= What the task requires =
Please report every line from the material that contains the word "loops".

= The data =
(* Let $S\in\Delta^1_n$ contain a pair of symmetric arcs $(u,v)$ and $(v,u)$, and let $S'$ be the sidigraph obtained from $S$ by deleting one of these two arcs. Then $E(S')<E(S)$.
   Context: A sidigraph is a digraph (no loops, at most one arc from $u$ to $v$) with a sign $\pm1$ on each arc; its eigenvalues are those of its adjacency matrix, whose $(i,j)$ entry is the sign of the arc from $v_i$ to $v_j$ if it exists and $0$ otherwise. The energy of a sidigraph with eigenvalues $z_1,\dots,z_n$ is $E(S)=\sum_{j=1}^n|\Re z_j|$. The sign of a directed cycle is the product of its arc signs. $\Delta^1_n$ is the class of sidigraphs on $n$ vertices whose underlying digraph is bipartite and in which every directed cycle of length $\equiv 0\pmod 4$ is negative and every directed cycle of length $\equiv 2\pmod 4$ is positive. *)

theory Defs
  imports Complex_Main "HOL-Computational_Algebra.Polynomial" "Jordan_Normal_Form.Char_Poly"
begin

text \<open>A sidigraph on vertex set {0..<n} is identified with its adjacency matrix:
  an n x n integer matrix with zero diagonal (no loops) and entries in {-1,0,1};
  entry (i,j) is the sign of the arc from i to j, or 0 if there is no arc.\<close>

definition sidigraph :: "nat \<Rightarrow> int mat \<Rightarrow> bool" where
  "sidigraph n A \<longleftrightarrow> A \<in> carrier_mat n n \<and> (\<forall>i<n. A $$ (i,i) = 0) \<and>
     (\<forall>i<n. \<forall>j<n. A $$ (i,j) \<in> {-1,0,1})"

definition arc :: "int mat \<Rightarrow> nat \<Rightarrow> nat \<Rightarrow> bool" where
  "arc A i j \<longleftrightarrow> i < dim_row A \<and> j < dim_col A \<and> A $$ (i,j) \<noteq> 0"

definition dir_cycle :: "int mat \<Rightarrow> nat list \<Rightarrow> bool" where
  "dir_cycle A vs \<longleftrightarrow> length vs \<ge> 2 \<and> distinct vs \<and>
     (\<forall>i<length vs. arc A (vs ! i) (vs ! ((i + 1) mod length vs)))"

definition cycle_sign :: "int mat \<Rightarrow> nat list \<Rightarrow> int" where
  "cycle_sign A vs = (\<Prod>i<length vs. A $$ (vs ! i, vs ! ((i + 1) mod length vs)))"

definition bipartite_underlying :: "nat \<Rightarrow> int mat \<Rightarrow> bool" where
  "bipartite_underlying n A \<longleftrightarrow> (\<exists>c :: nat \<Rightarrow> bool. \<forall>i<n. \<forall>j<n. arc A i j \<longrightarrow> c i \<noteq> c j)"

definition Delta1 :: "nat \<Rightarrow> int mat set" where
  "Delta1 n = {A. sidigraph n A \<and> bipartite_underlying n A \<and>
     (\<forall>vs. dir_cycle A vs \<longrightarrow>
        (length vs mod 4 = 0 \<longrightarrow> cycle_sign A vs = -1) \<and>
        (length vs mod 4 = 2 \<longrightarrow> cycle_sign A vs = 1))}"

= Task response =
   Context: A sidigraph is a digraph (no loops, at most one arc from $u$ to $v$) with a sign $\pm1$ on each arc; its eigenvalues are those of its adjacency matrix, whose $(i,j)$ entry is the sign of the arc from $v_i$ to $v_j$ if it exists and $0$ otherwise. The energy of a sidigraph with eigenvalues $z_1,\dots,z_n$ is $E(S)=\sum_{j=1}^n|\Re z_j|$. The sign of a directed cycle is the product of its arc signs. $\Delta^1_n$ is the class of sidigraphs on $n$ vertices whose underlying digraph is bipartite and in which every directed cycle of length $\equiv 0\pmod 4$ is negative and every directed cycle of length $\equiv 2\pmod 4$ is positive. *)
  an n x n integer matrix with zero diagonal (no loops) and entries in {-1,0,1};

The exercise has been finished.